A more sophisticated event happened the day before at the Newcastle upon Tyne Church High School Governors' meeting. With myself the only dissident, the Governors unanimously have endorsed a gay rights equal opportunities policy. This is not required by the Race Relations Act of 1976, the Sex Discrimination Act of 1975 or the Disability Discrimination Act of 1996. I said I would have to make by dissent public. [Note: in October 1997 the Governors unanimously revoked this decision].

In the words of the title of a new best seller in the US we are "Slouching Towards Gomorrah"!


Children first

In all of these issues there is the plain teaching of the Bible - whether this relates to marriage, adultery and divorce, or to homosexual relationships.

The Bible is clear. Heterosexual monogamous marriage is a universal good - it is a creation ordinance. It is God's arrangement for healthy living and happy families - a man and a woman in an exclusive relationship for life. In all societies it is best for the care and nuture of children. Healthy marriages produce a stable society. That is what we need to have a prejudice about, because it is a wise prejudice.

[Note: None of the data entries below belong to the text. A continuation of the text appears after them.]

definition dfe :: "real \<Rightarrow> real \<Rightarrow> real \<Rightarrow> real \<Rightarrow> real^6" where
  "dfe \<Lambda> \<mu> \<pi> \<theta> =
    (\<chi> i. if i = 1 then \<Lambda> * (\<theta> + \<mu>) / (\<mu> * (\<theta> + \<pi> + \<mu>))
          else if i = 2 then \<Lambda> * \<pi> / (\<mu> * (\<theta> + \<pi> + \<mu>))
          else 0)"

definition Rv :: "real \<Rightarrow> real \<Rightarrow> real \<Rightarrow> real \<Rightarrow> real \<Rightarrow> real \<Rightarrow> real \<Rightarrow> real \<Rightarrow> real" where
  "Rv \<Lambda> \<beta> \<gamma> \<mu> \<pi> \<theta> \<delta> \<tau> =
    \<Lambda> * \<beta> * \<gamma> * (\<theta> + \<mu>) / (\<mu> * (\<delta> + \<tau> + \<mu>) * (\<theta> + \<pi> + \<mu>) * (\<gamma> + \<mu>))"

text \<open>x is a solution of x' = f(x) on the interval J (one-sided derivatives at endpoints).\<close>
definition ode_solution_on :: "('a::real_normed_vector \<Rightarrow> 'a) \<Rightarrow> (real \<Rightarrow> 'a) \<Rightarrow> real set \<Rightarrow> bool" where
  "ode_solution_on f x J \<longleftrightarrow> (\<forall>t\<in>J. (x has_vector_derivative f (x t)) (at t within J))"

text \<open>Lyapunov stability: every solution starting close to e stays close to e
  for as long as it exists (tested on all compact forward intervals [0,T]).\<close>
definition lyapunov_stable :: "('a::real_normed_vector \<Rightarrow> 'a) \<Rightarrow> 'a \<Rightarrow> bool" where
  "lyapunov_stable f e \<longleftrightarrow>
     (\<forall>\<epsilon>>0. \<exists>\<delta>>0. \<forall>x T. T \<ge> 0 \<and> ode_solution_on f x {0..T} \<and> dist (x 0) e < \<delta>
        \<longrightarrow> (\<forall>t\<in>{0..T}. dist (x t) e < \<epsilon>))"

definition locally_attractive :: "('a::real_normed_vector \<Rightarrow> 'a) \<Rightarrow> 'a \<Rightarrow> bool" where
  "locally_attractive f e \<longleftrightarrow>
     (\<exists>\<delta>>0. \<forall>x. ode_solution_on f x {0..} \<and> dist (x 0) e < \<delta> \<longrightarrow> (x \<longlongrightarrow> e) at_top)"

definition locally_asymptotically_stable :: "('a::real_normed_vector \<Rightarrow> 'a) \<Rightarrow> 'a \<Rightarrow> bool" where
  "locally_asymptotically_stable f e \<longleftrightarrow> lyapunov_stable f e \<and> locally_attractive f e"

definition unstable_equilibrium :: "('a::real_normed_vector \<Rightarrow> 'a) \<Rightarrow> 'a \<Rightarrow> bool" where
  "unstable_equilibrium f e \<longleftrightarrow> \<not> lyapunov_stable f e"

end

theory Submission
  imports Defs "HOL-Real_Asymp.Real_Asymp"
begin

But in the 1960's the Western World was told that those prejudices were to be discarded. That has resulted in dysfunctional children, dysfunctional relationships and a dysfunctional society.

Study after study shows that children brought up in lesbian and gay households do suffer. What is so pernicious is that there appears to be straight dishonesty in this area. On another occasion I will document the evidence. We need to recover prejudices - rational prejudices in favour of the traditional family and against immorality.


The way ahead

But what can a Christian do?

First, challenge, as you can, every defiance of God's law. This, of course, does not mean nit-picking. But today there are such blatant follies and wickedness that call for objection. In a democratic society you have a Christian duty to act. You can write to MP's and ministers. There will be good men and women in the New Labour Government who are just waiting for a clear indication of public opinion that they can follow up. At present most of the running is made by those who want to destabilise morality.

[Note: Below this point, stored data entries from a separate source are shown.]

(* Let $d\ge1$ and $r\ge4$ be integers, $\delta_0\in(0,1)$, and $p(x)\in\mathbb{Z}[i][x]$ a polynomial of degree $d$. Let $N, N_1$ be positive integers with $N\ge N_1$. Let $A\subseteq[N]$ have density $\delta\ge\delta_0$ and let $D$ be a nonempty subset of $[2N^{1/(2d)}]$. Assume the balanced function $f$ of $A$ satisfies \[ \Big| \mathbb{E}_{n\in[N]}\mathbb{E}_{x\in D}\mathbb{E}_{\mathbf{h}\in [N^{1/(8d^r)}]^{d-1}} f(n) f\big(n + p(\sigma_{d-1}(x,\mathbf{h}))\big)\Big| \ge \frac{\delta^2}{2}. \] Define \[ N_0 = \max\left\{N_1,\ \left(\frac{2^{3\cdot 2^{d-1}-1}}{\delta_0^{2^{d-1}+1}}\right)^{4d^r},\ \left(\frac{2^{3\cdot 2^{d-1}}(2d+2)^{2d+2}2^{2d(d+1)}M_p^2}{\delta_0^{2^{d-1}+1}}\right)^4\right\}. \] If $N\ge N_0$, then there exist Gaussian integers $\alpha,\beta$ with $\alpha\neq0$ and $\max\{|\alpha|,|\beta|\}\le 2^{d(2d+1)}M_p N^{1/(8d^{r-2})}$ such that \[ \Big|\mathbb{E}_{n\in[N]}\mathbb{E}_{x\in D} f(n) f(n+\alpha x+\beta)\Big| \ge \frac{\delta^{2^{d-1}+1}}{2^{3\cdot 2^{d-1}-2}}. \]
   Context: For a real number $X\ge 1$, $[X] := \{a+bi \in \mathbb{Z}[i] : a,b \in \mathbb{Z},\ 1 \le a,b \le X\}$; $[X]^j$ is its $j$-fold Cartesian product (for $j=0$ a single empty tuple). For a finite nonempty set $S$, $\mathbb{E}_{x\in S} g(x) := |S|^{-1}\sum_{x\in S} g(x)$. A subset $A\subseteq[N]$ has density $\delta=|A|/N^2$, and its balanced function is $f(n) = \mathbf{1}_A(n) - \delta\mathbf{1}_{[N]}(n)$ for $n\in\mathbb{Z}[i]$. For $x \in \mathbb{Z}[i]$ and $\mathbf{h} = (h_1,\dots,h_j)$, $\sigma_j(x,\mathbf{h}) := x + h_1 + \dots + h_j$. For $p(x) = a_d x^d + \dots + a_0 \in \mathbb{C}[x]$ with $a_d\neq 0$, $M_p := 2\max\{|a_0|,\dots,|a_d|\}$. *)

theory Defs
  imports "HOL-Analysis.Analysis" "HOL-Computational_Algebra.Polynomial"
begin

definition gauss_ints :: "complex set" where
  "gauss_ints = {z. Re z \<in> \<int> \<and> Im z \<in> \<int>}"

definition gbox :: "real \<Rightarrow> complex set" where
  "gbox X = {Complex (of_int a) (of_int b) | a b :: int.
               1 \<le> a \<and> real_of_int a \<le> X \<and> 1 \<le> b \<and> real_of_int b \<le> X}"

definition gbox_pow :: "real \<Rightarrow> nat \<Rightarrow> (nat \<Rightarrow> complex) set" where
  "gbox_pow X j = ({..<j} \<rightarrow>\<^sub>E gbox X)"

definition sigma :: "nat \<Rightarrow> complex \<Rightarrow> (nat \<Rightarrow> complex) \<Rightarrow> complex" where
  "sigma j x h = x + (\<Sum>i<j. h i)"

definition avg :: "'a set \<Rightarrow> ('a \<Rightarrow> real) \<Rightarrow> real" where
  "avg S g = (\<Sum>x\<in>S. g x) / real (card S)"

definition density :: "complex set \<Rightarrow> nat \<Rightarrow> real" where
  "density A N = real (card A) / (real N)^2"

definition balanced :: "complex set \<Rightarrow> nat \<Rightarrow> complex \<Rightarrow> real" where
  "balanced A N n = indicator A n - density A N * indicator (gbox (real N)) n"

definition Mp :: "complex poly \<Rightarrow> real" where
  "Mp p = 2 * Max ((\<lambda>i. cmod (coeff p i)) ` {..degree p})"

end

theory Submission
  imports Defs
begin

text \<open>
  PET induction on the degree by repeated van der Corput differencing. If the correlation
  of F with the shifts Q(x + h_1 + ... + h_k) is at least \<epsilon>, Cauchy-Schwarz in n and
  expansion of the square of the average over h_k \<in> [X] show that the correlations of F
  with the differenced polynomials Q(z + u) - Q(z + t) have average at least \<epsilon>^2/\<delta> over
  pairs (t, u) \<in> [X]^2. The diagonal t = u contributes at most 1/|[X]|, which is small
  because N is large, so some pair t \<noteq> u gives correlation at least \<epsilon>^2/(4\<delta>). The
  differenced polynomial has degree one less, leading coefficient e a_e (u - t) \<noteq> 0, and
  Gaussian integer coefficients growing by a factor O(8^e X^e) per step. After d - 1 steps
  it is linear.
\<close>

lemma avg_mult_left: "avg S (\<lambda>x. c * g x) = c * avg S g"
  by (simp add: avg_def sum_distrib_left)

lemma avg_swap: "avg A (\<lambda>a. avg B (\<lambda>b. g a b)) = avg B (\<lambda>b. avg A (\<lambda>a. g a b))"
  unfolding avg_def by (simp add: sum_divide_distrib[symmetric] sum.swap[of _ A B])

lemma avg_swap3:
  "avg A (\<lambda>a. avg B (\<lambda>b. avg C (\<lambda>c. g a b c))) = avg C (\<lambda>c. avg A (\<lambda>a. avg B (\<lambda>b. g a b c)))"
  by (simp add: avg_swap[of B C] avg_swap[of A C])

lemma avg_mono: "(\<And>x. x \<in> S \<Longrightarrow> g x \<le> h x) \<Longrightarrow> avg S g \<le> avg S h"
  unfolding avg_def by (intro divide_right_mono sum_mono) auto

lemma avg_nonneg: "(\<And>x. x \<in> S \<Longrightarrow> 0 \<le> g x) \<Longrightarrow> 0 \<le> avg S g"
  unfolding avg_def by (intro divide_nonneg_nonneg sum_nonneg) auto

lemma avg_const: "finite S \<Longrightarrow> S \<noteq> {} \<Longrightarrow> avg S (\<lambda>_. c) = c"
  unfolding avg_def by simp

lemma avg_singleton: "avg {a} g = g a"
  unfolding avg_def by simp

lemma avg_abs_le: "\<bar>avg S g\<bar> \<le> avg S (\<lambda>x. \<bar>g x\<bar>)"
  unfolding avg_def by (simp add: abs_div_pos[symmetric] divide_right_mono)

lemma avg_abs_le_1:
  assumes "\<And>x. x \<in> S \<Longrightarrow> \<bar>g x\<bar> \<le> 1"
  shows "\<bar>avg S g\<bar> \<le> 1"
proof -
  have "avg S (\<lambda>x. \<bar>g x\<bar>) \<le> avg S (\<lambda>x. 1)"
    using assms by (rule avg_mono)
  also have "\<dots> \<le> 1"
    unfolding avg_def by (cases "finite S") (auto simp: divide_le_eq_1)
  finally show ?thesis
    using avg_abs_le[of S g] by linarith
qed

lemma avg_Cauchy_Schwarz:
  "(avg S (\<lambda>x. g x * h x))\<^sup>2 \<le> avg S (\<lambda>x. (g x)\<^sup>2) * avg S (\<lambda>x. (h x)\<^sup>2)"
proof -
  have "(avg S (\<lambda>x. g x * h x))\<^sup>2 = (\<Sum>x\<in>S. g x * h x)\<^sup>2 / (real (card S))\<^sup>2"
    unfolding avg_def by (simp add: power_divide)
  also have "\<dots> \<le> ((\<Sum>x\<in>S. (g x)\<^sup>2) * (\<Sum>x\<in>S. (h x)\<^sup>2)) / (real (card S))\<^sup>2"
    by (intro divide_right_mono Cauchy_Schwarz_ineq_sum) auto
  also have "\<dots> = avg S (\<lambda>x. (g x)\<^sup>2) * avg S (\<lambda>x. (h x)\<^sup>2)"
    unfolding avg_def by (simp add: power2_eq_square)
  finally show ?thesis .
qed

lemma avg_square_le: "(avg S g)\<^sup>2 \<le> avg S (\<lambda>x. (g x)\<^sup>2)"
proof (cases "finite S \<and> S \<noteq> {}")
  case True
  have "(avg S g)\<^sup>2 \<le> avg S (\<lambda>x. 1\<^sup>2) * avg S (\<lambda>x. (g x)\<^sup>2)"
    using avg_Cauchy_Schwarz[of S "\<lambda>_. 1" g] by simp
  then show ?thesis
    using True by (simp add: avg_const)
next
  case False
  then show ?thesis
    unfolding avg_def by auto
qed

lemma avg_square_eq: "(avg H g)\<^sup>2 = avg H (\<lambda>t. avg H (\<lambda>u. g t * g u))"
  unfolding avg_def power2_eq_square
  by (simp add: sum_product sum_divide_distrib[symmetric] sum_distrib_left field_simps)

lemma sum_avg_swap: "(\<Sum>n\<in>W. avg H (\<lambda>t. g n t)) = avg H (\<lambda>t. \<Sum>n\<in>W. g n t)"
  unfolding avg_def by (simp add: sum_divide_distrib[symmetric] sum.swap[of _ W H])

lemma gauss_ints_diff: "a \<in> gauss_ints \<Longrightarrow> b \<in> gauss_ints \<Longrightarrow> a - b \<in> gauss_ints"
  unfolding gauss_ints_def by auto

lemma gauss_ints_mult: "a \<in> gauss_ints \<Longrightarrow> b \<in> gauss_ints \<Longrightarrow> a * b \<in> gauss_ints"
  unfolding gauss_ints_def by auto

lemma gauss_ints_of_nat: "of_nat n \<in> gauss_ints"
  unfolding gauss_ints_def by auto

lemma gauss_ints_power: "a \<in> gauss_ints \<Longrightarrow> a ^ n \<in> gauss_ints"
  by (induction n) (auto simp: gauss_ints_def intro: gauss_ints_mult)

lemma gauss_ints_sum: "(\<And>i. i \<in> I \<Longrightarrow> f i \<in> gauss_ints) \<Longrightarrow> sum f I \<in> gauss_ints"
  by (induction I rule: infinite_finite_induct) (auto simp: gauss_ints_def)

lemma gbox_eq_image:
  "gbox X = (\<lambda>(a, b). Complex (of_int a) (of_int b)) ` ({1..\<lfloor>X\<rfloor>} \<times> {1..\<lfloor>X\<rfloor>})"
  unfolding gbox_def by (auto simp: le_floor_iff image_iff)

lemma finite_gbox [simp]: "finite (gbox X)"
  unfolding gbox_eq_image by simp

lemma card_gbox: "card (gbox X) = (nat \<lfloor>X\<rfloor>)\<^sup>2"
proof -
  have "inj_on (\<lambda>(a, b). Complex (of_int a) (of_int b)) ({1..\<lfloor>X\<rfloor>} \<times> {1..\<lfloor>X\<rfloor>})"
    by (auto simp: inj_on_def)
  then show ?thesis
    unfolding gbox_eq_image by (simp add: card_image card_cartesian_product power2_eq_square)
qed

lemma inverse_card_gbox_le:
  assumes "X \<ge> 2"
  shows "1 / real (card (gbox X)) \<le> 4 / X\<^sup>2"
proof -
  have "X / 2 \<le> real (nat \<lfloor>X\<rfloor>)"
    using assms by linarith
  then have "(X / 2)\<^sup>2 \<le> real (card (gbox X))"
    unfolding card_gbox using assms by (simp add: power_mono)
  moreover have "0 < (X / 2)\<^sup>2"
    using assms by simp
  ultimately show ?thesis
    by (simp add: divide_le_eq field_simps power2_eq_square)
qed

lemma gbox_subset_gauss_ints: "gbox X \<subseteq> gauss_ints"
  unfolding gbox_def gauss_ints_def by auto

lemma norm_le_gbox: "z \<in> gbox X \<Longrightarrow> cmod z \<le> 2 * X"
  unfolding gbox_def using cmod_le[of z] by auto

lemma gbox_pow_0: "gbox_pow X 0 = {\<lambda>_. undefined}"
  unfolding gbox_pow_def by simp

lemma avg_gbox_pow_Suc:
  "avg (gbox_pow X (Suc k)) g = avg (gbox_pow X k) (\<lambda>h. avg (gbox X) (\<lambda>t. g (h(k := t))))"
proof -
  have eq: "gbox_pow X (Suc k) = (\<lambda>(y, g). g(k := y)) ` (gbox X \<times> gbox_pow X k)"
    unfolding gbox_pow_def lessThan_Suc by (rule PiE_insert_eq)
  have inj: "inj_on (\<lambda>(y, g). g(k := y)) (gbox X \<times> gbox_pow X k)"
    unfolding gbox_pow_def using inj_combinator[of k "{..<k}" "\<lambda>_. gbox X"] by simp
  have "(\<Sum>h\<in>gbox_pow X (Suc k). g h) = (\<Sum>(y, h)\<in>gbox X \<times> gbox_pow X k. g (h(k := y)))"
    unfolding eq by (subst sum.reindex[OF inj]) (simp add: case_prod_unfold)
  also have "\<dots> = (\<Sum>h\<in>gbox_pow X k. \<Sum>y\<in>gbox X. g (h(k := y)))"
    by (subst sum.cartesian_product[symmetric]) (rule sum.swap)
  finally show ?thesis
    unfolding avg_def gbox_pow_def card_PiE[OF finite_lessThan]
    by (simp add: sum_divide_distrib[symmetric] field_simps gbox_pow_def)
qed

lemma sigma_Suc_upd: "sigma (Suc k) x (h(k := t)) = sigma k x h + t"
  unfolding sigma_def by simp

section \<open>Van der Corput differencing\<close>

lemma sum_translate_supported:
  fixes F :: "complex \<Rightarrow> real"
  assumes W: "finite W" and sub: "(\<lambda>m. m - s) ` G \<subseteq> W" and supp: "\<And>z. z \<notin> G \<Longrightarrow> F z = 0"
  shows "(\<Sum>n\<in>W. F (n + s) * g n) = (\<Sum>m\<in>G. F m * g (m - s))"
proof -
  have "(\<Sum>n\<in>W. F (n + s) * g n) = (\<Sum>n\<in>(\<lambda>m. m - s) ` G. F (n + s) * g n)"
  proof (rule sum.mono_neutral_right[OF W sub], safe)
    fix n assume "n \<in> W" "n \<notin> (\<lambda>m. m - s) ` G"
    then have "n + s \<notin> G"
      by (metis add_diff_cancel image_eqI)
    then show "F (n + s) * g n = 0"
      using supp by simp
  qed
  also have "\<dots> = (\<Sum>m\<in>G. F m * g (m - s))"
    by (subst sum.reindex) (auto simp: inj_on_def)
  finally show ?thesis .
qed

text \<open>
  The van der Corput inequality: the sum over n is first extended from G to the finite
  set W of all n + b t that can meet the support G of F, then translated back by each b t.
\<close>

lemma avg_square_avg_translates_le:
  fixes F :: "complex \<Rightarrow> real"
  assumes G: "finite G" and H: "finite H" and supp: "\<And>z. z \<notin> G \<Longrightarrow> F z = 0"
  shows "avg G (\<lambda>n. (avg H (\<lambda>t. F (n + b t)))\<^sup>2)
           \<le> avg H (\<lambda>t. avg H (\<lambda>u. avg G (\<lambda>m. F m * F (m + b u - b t))))"
proof -
  define W where "W = G \<union> (\<Union>t\<in>H. (\<lambda>m. m - b t) ` G)"
  have W: "finite W"
    unfolding W_def using G H by auto
  have translate: "(\<Sum>n\<in>W. F (n + b t) * F (n + b u)) = (\<Sum>m\<in>G. F m * F (m + b u - b t))"
    if "t \<in> H" for t u
  proof -
    have "(\<lambda>m. m - b t) ` G \<subseteq> W"
      using that by (auto simp: W_def)
    from sum_translate_supported[where F = F and g = "\<lambda>n. F (n + b u)", OF W this supp]
    show ?thesis
      by (simp add: algebra_simps)
  qed
  have "(\<Sum>n\<in>G. (avg H (\<lambda>t. F (n + b t)))\<^sup>2) \<le> (\<Sum>n\<in>W. (avg H (\<lambda>t. F (n + b t)))\<^sup>2)"
    by (rule sum_mono2[OF W]) (auto simp: W_def)
  also have "\<dots> = avg H (\<lambda>t. avg H (\<lambda>u. \<Sum>n\<in>W. F (n + b t) * F (n + b u)))"
    by (simp add: avg_square_eq sum_avg_swap)
  also have "\<dots> = avg H (\<lambda>t. avg H (\<lambda>u. \<Sum>m\<in>G. F m * F (m + b u - b t)))"
    unfolding avg_def by (simp add: translate cong: sum.cong)
  finally have "avg G (\<lambda>n. (avg H (\<lambda>t. F (n + b t)))\<^sup>2)
      \<le> avg H (\<lambda>t. avg H (\<lambda>u. \<Sum>m\<in>G. F m * F (m + b u - b t))) / real (card G)"
    unfolding avg_def[of G] by (rule divide_right_mono) simp
  also have "\<dots> = avg H (\<lambda>t. avg H (\<lambda>u. avg G (\<lambda>m. F m * F (m + b u - b t))))"
    unfolding avg_def by (simp add: sum_divide_distrib[symmetric] algebra_simps)
  finally show ?thesis .
qed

Secondly, pray. God alone is "sufficient for these things."

Thirdly, evangelise. Charles Coulson has recently said:

Most of us fail to realise that the battle of ideas being waged ...- eupehmistically known as the culture war - is merely a symptom. We Christians invest enormous amounts of energy running to fight this battle here or that battle there. But we can never win the culture war that way. What we have to do is attack the deeper cause of the cultural conflict.

He goes on to argue that we need to recover the truth - the truth as it is in the bible. That involves hard work. We have to think. And, indeed, "wise prejudices" must be regularly re-examined and, if necessary, reinforced.